The commons was quiet, the great screen showing Games on mute. There was a lone lizard, five feet tall with a striped tail, reading a book while curled up in an armchair.
Izumo politely ignored him, curled himself up in a little ball with his face hidden behind his knees, and drifted off to sleep, sun filtering over his hair and jeans like a warm blanket. Perfect.
Sophie liked these quiet times for cleaning. Right now she was sweeping off everything. Everything, because the drones hit the high spots. She’s already asked the lizard to move his arm so she could get the wooden bit on the arm rest. Now she moved to get the window that was always blocked by that couch. Sophie wondered if she could move it.
As she turned the corner, Sophie jumped and squeaked as she found someone on the couch. She didn’t recognize him, not that she could see much of him but his ridiculously colored socks. They were a hideous color combination. Whoever he was, he was hindering Sophie’s dusting. In the bright light, Sophie could see the dust motes landing on his head. Sophie swiped off the gathering motes and turned to wipe down the window panes.
Izumo woke up at the squeak and lifted his head as something brushed over it. He...what? He blinked at the apron strings dangling in front of his nose, then looked up. Ah. Woman. He’d seen that little knot of reddish gold hair. He sat up and watched her flutter her feathery thing around. Duster. That was it.
“Did you just dust me?” he asked, somewhat muzzily. He didn’t do well being woken up out of a nap suddenly.
Sophie whipped her head around to look at him. She pinned him with a dissecting look, decided he was probably no danger, and huffed. “You were the one gathering dust.” Then she went back to her dusting.
“...do you always dust people instead of saying hello?” Izumo wanted to know, pulling his knees up to his chin.
“You,” Sophie replied. “Were sleeping.”
“Uh-huh.” Izumo yawned and rubbed at his face. “Um. Hi. I’m Izumo. It’s nice to meet you. And you are...?”
“Sophie. Sophie Hatter. I’m a cleaning witch,” Sophie dared him to say anything about her being a witch. Some people seemed to find that disturbing.
“What’s a cleaning witch?” Izumo wanted to know. The obvious answer was a witch that cleaned, but Izumo still wasn’t clear on what a witch was. Maybe Sophie could give him a good explanation, though as short as she was being, Izumo doubted it.

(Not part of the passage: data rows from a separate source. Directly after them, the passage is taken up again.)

(* Let $n\ge2$, $0<r<n$, and $E_1\ge E_2\ge\dots\ge E_n>0$. For a set $\mathcal{A}=\{a_1<a_2<\dots<a_r\}\subseteq[1:n]$ of size $r$, let (P-$\mathcal{A}$) be the linear program $$\max_{\mathbf{p}\in\mathcal{I},\,\gamma\in\mathbb{R}}\ \sum_{j=1}^np_jE_j-\frac12\sum_{j\in\mathcal{A}}p_jE_j\quad\text{s.t. } p_aE_a\ge\gamma\ \forall a\in\mathcal{A},\quad \gamma\ge p_tE_t\ \forall t\in[1:n]\setminus\mathcal{A}.$$ Then the optimal value of (P-$\{1,2,\dots,r\}$) is at least the optimal value of (P-$\mathcal{A}$) for every such $\mathcal{A}$.
   Context: $\mathcal{I}=\{\mathbf{p}\in[0,1]^n:\sum_kp_k=r\}$; $[1:n]=\{1,\dots,n\}$. (For $m=2$, maximizing $f^{\mathrm{worst}}(\mathbf{p})=\sum_kp_kE_k-\frac12(\text{sum of the }r\text{ largest }p_kE_k)$ over $\mathcal{I}$ is the best of the programs (P-$\mathcal{A}$).) *)

theory Defs
  imports "HOL-Analysis.Analysis"
begin

text \<open>Vectors p in [0,1]^n are functions nat => real, indexed on {1..n}.\<close>

definition simplexI :: "nat \<Rightarrow> nat \<Rightarrow> (nat \<Rightarrow> real) set" where
  "simplexI n r = {p. (\<forall>k\<in>{1..n}. 0 \<le> p k \<and> p k \<le> 1) \<and> (\<Sum>k=1..n. p k) = real r}"

definition feasibleA :: "nat \<Rightarrow> nat \<Rightarrow> (nat \<Rightarrow> real) \<Rightarrow> nat set \<Rightarrow> ((nat \<Rightarrow> real) \<times> real) set" where
  "feasibleA n r E A = {(p, \<gamma>). p \<in> simplexI n r \<and>
      (\<forall>a\<in>A. p a * E a \<ge> \<gamma>) \<and> (\<forall>t\<in>{1..n} - A. \<gamma> \<ge> p t * E t)}"

definition objA :: "nat \<Rightarrow> (nat \<Rightarrow> real) \<Rightarrow> nat set \<Rightarrow> (nat \<Rightarrow> real) \<Rightarrow> real" where
  "objA n E A p = (\<Sum>j=1..n. p j * E j) - (1/2) * (\<Sum>j\<in>A. p j * E j)"

definition optA :: "nat \<Rightarrow> nat \<Rightarrow> (nat \<Rightarrow> real) \<Rightarrow> nat set \<Rightarrow> real" where
  "optA n r E A = (SUP x\<in>feasibleA n r E A. objA n E A (fst x))"

end

theory Submission imports Defs begin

“A witch that cleans things. Like people who laze about and collect dust.” Sophie punctuated this with a final swipe of the windowsill and turned back around.
Oh dear. He would be very handsome, wouldn’t he?
“I wasn’t lazing.” Izumo ducked his head behind his knees and yawned. He popped back up and offered Sophie a little grin, tentative. “I was taking a well-earned nap. I worked hard last night.” He nodded seriously.
“Oh, did you?” Sophie didn’t doubt it, actually. Most of the people worked hard at something, whether it was getting home or causing trouble. Sophie silently labelled this man the jack in the box as he folded and unfolded himself at will.
“Yes. I work in the club.” Izumo nodded again. “It was nice and sunny and warm right here, you see, so I thought I’d take a nap.” He decided he liked the pattern of Sophie’s dress, little tiny flowers woven into the fabric. He looked up at her, chin still on his knees, arms loosely clasped around them. “So what exactly is a witch, anyway? I’ve been trying to find out but nobody’s explained it to me.”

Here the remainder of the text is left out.